● Dataset entries:
***

lemma foldr_reduce_step_inverse_word:
  "reduced (w @ r) \<Longrightarrow> foldr reduce_step (rev (map inverse_letter w)) (w @ r) = r"
proof (induction w)
  case (Cons b bs)
  then have "reduced (bs @ r)" by (metis append_Cons reduced_ConsD)
  then show ?case
    using Cons by (simp add: reduce_step_def inverse_letter_def)
qed simp

lemma group_free_grp: "group (free_grp I)"
proof (rule groupI)
  fix x y assume "x \<in> carrier (free_grp I)" "y \<in> carrier (free_grp I)"
  then show "x \<otimes>\<^bsub>free_grp I\<^esub> y \<in> carrier (free_grp I)"
    using set_free_reduce[of "x @ y"] reduced_free_reduce[of "x @ y"]
    by (auto simp: free_grp_def reduced_word_iff_reduced)
next
  fix x assume x: "x \<in> carrier (free_grp I)"
  then have "reduced x" by (simp add: free_grp_def reduced_word_iff_reduced)
  let ?y = "free_reduce (rev (map inverse_letter x))"
  have "?y \<in> carrier (free_grp I)"
    using x set_free_reduce[of "rev (map inverse_letter x)"] reduced_free_reduce
    by (fastforce simp: free_grp_def reduced_word_iff_reduced inverse_letter_def)
  moreover have "?y \<otimes>\<^bsub>free_grp I\<^esub> x = \<one>\<^bsub>free_grp I\<^esub>"
    using foldr_reduce_step_inverse_word[of x "[]"] \<open>reduced x\<close>
    by (simp add: free_grp_def free_reduce_append foldr_reduce_step_free_reduce
        free_reduce_reduced)
  ultimately show "\<exists>y\<in>carrier (free_grp I). y \<otimes>\<^bsub>free_grp I\<^esub> x = \<one>\<^bsub>free_grp I\<^esub>"
    by blast
qed (auto simp: free_grp_def reduced_word_iff_reduced free_reduce_assoc free_reduce_reduced)

definition letter_value :: "('k, 'c) monoid_scheme \<Rightarrow> ('i \<Rightarrow> 'k) \<Rightarrow> 'i \<times> bool \<Rightarrow> 'k" where
  "letter_value K t a = (if snd a then t (fst a) else inv\<^bsub>K\<^esub> (t (fst a)))"

lemma free_lift_Nil: "free_lift K t [] = \<one>\<^bsub>K\<^esub>"
  by (simp add: free_lift_def)

lemma free_lift_Cons: "free_lift K t (a # w) = letter_value K t a \<otimes>\<^bsub>K\<^esub> free_lift K t w"
  by (cases a) (simp add: free_lift_def letter_value_def)

lemma letter_value_closed:
  "group K \<Longrightarrow> t ` I \<subseteq> carrier K \<Longrightarrow> a \<in> I \<times> UNIV \<Longrightarrow> letter_value K t a \<in> carrier K"
  by (auto simp: letter_value_def intro: group.inv_closed)

lemma free_lift_closed:
  "group K \<Longrightarrow> t ` I \<subseteq> carrier K \<Longrightarrow> set w \<subseteq> I \<times> UNIV \<Longrightarrow> free_lift K t w \<in> carrier K"
  by (induction w)
    (auto simp: free_lift_Nil free_lift_Cons intro: letter_value_closed group.is_monoid monoid.m_closed)

lemma free_lift_append:
  assumes "group K" "t ` I \<subseteq> carrier K" "set xs \<subseteq> I \<times> UNIV" "set ys \<subseteq> I \<times> UNIV"
  shows "free_lift K t (xs @ ys) = free_lift K t xs \<otimes>\<^bsub>K\<^esub> free_lift K t ys"
  using assms(3)
proof (induction xs)
  interpret K: group K by (rule assms(1))
  case Nil
  then show ?case using free_lift_closed[OF assms(1,2,4)] by (simp add: free_lift_Nil)
next
  interpret K: group K by (rule assms(1))
  case (Cons a xs)
  then show ?case
    using free_lift_closed[OF assms(1,2,4)] free_lift_closed[OF assms(1,2), of xs]
      letter_value_closed[OF assms(1,2), of a]
    by (simp add: free_lift_Cons K.m_assoc)
qed

lemma free_lift_reduce_step:
  assumes "group K" "t ` I \<subseteq> carrier K" "a \<in> I \<times> UNIV" "set r \<subseteq> I \<times> UNIV"
  shows "free_lift K t (reduce_step a r) = free_lift K t (a # r)"
proof (cases r)
  interpret K: group K by (rule assms(1))
  case (Cons b bs)
  show ?thesis
  proof (cases "fst a = fst b \<and> snd a \<noteq> snd b")
    case True
    have b: "b \<in> I \<times> UNIV" "set bs \<subseteq> I \<times> UNIV" using Cons assms(4) by auto
    then have "t (fst b) \<in> carrier K" using assms(2) by auto
    then have "letter_value K t a \<otimes>\<^bsub>K\<^esub> letter_value K t b = \<one>\<^bsub>K\<^esub>"
      using True by (cases "snd b") (auto simp: letter_value_def)
    then have "free_lift K t (a # r) = free_lift K t bs"
      using Cons free_lift_closed[OF assms(1,2) b(2)] letter_value_closed[OF assms(1,2) assms(3)]
        letter_value_closed[OF assms(1,2) b(1)]
      by (simp add: free_lift_Cons K.m_assoc[symmetric])
    then show ?thesis using True Cons by (simp add: reduce_step_def)
  next
    case False
    then have "reduce_step a r = a # r" using Cons by (simp add: reduce_step_def)
    then show ?thesis by simp
  qed
qed (simp add: reduce_step_def)

lemma free_lift_free_reduce:
  assumes "group K" "t ` I \<subseteq> carrier K" "set w \<subseteq> I \<times> UNIV"
  shows "free_lift K t (free_reduce w) = free_lift K t w"
  using assms(3)
proof (induction w)
  case (Cons a w)
  have "free_reduce (a # w) = reduce_step a (free_reduce w)"
    by (simp add: free_reduce_eq_foldr)
  moreover have "set (free_reduce w) \<subseteq> I \<times> UNIV" using set_free_reduce[of w] Cons by auto
  ultimately show ?case
    using free_lift_reduce_step[OF assms(1,2)] Cons by (simp add: free_lift_Cons)
qed (simp add: free_reduce_eq_foldr)

lemma free_lift_hom:
  assumes "group K" "t ` I \<subseteq> carrier K"
  shows "free_lift K t \<in> hom (free_grp I) K"
proof (rule homI)
  fix w assume "w \<in> carrier (free_grp I)"
  then show "free_lift K t w \<in> carrier K"
    by (intro free_lift_closed[OF assms]) (auto simp: free_grp_def)
next
  fix x y assume "x \<in> carrier (free_grp I)" "y \<in> carrier (free_grp I)"
  then show "free_lift K t (x \<otimes>\<^bsub>free_grp I\<^esub> y) = free_lift K t x \<otimes>\<^bsub>K\<^esub> free_lift K t y"
    by (auto simp: free_grp_def free_lift_free_reduce[OF assms] free_lift_append[OF assms])
qed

***

● REQUIREMENT: Each line in the data that has the word "moreover" counts once; state how many such lines there are, without comment.

● FINISHED EXERCISE: 2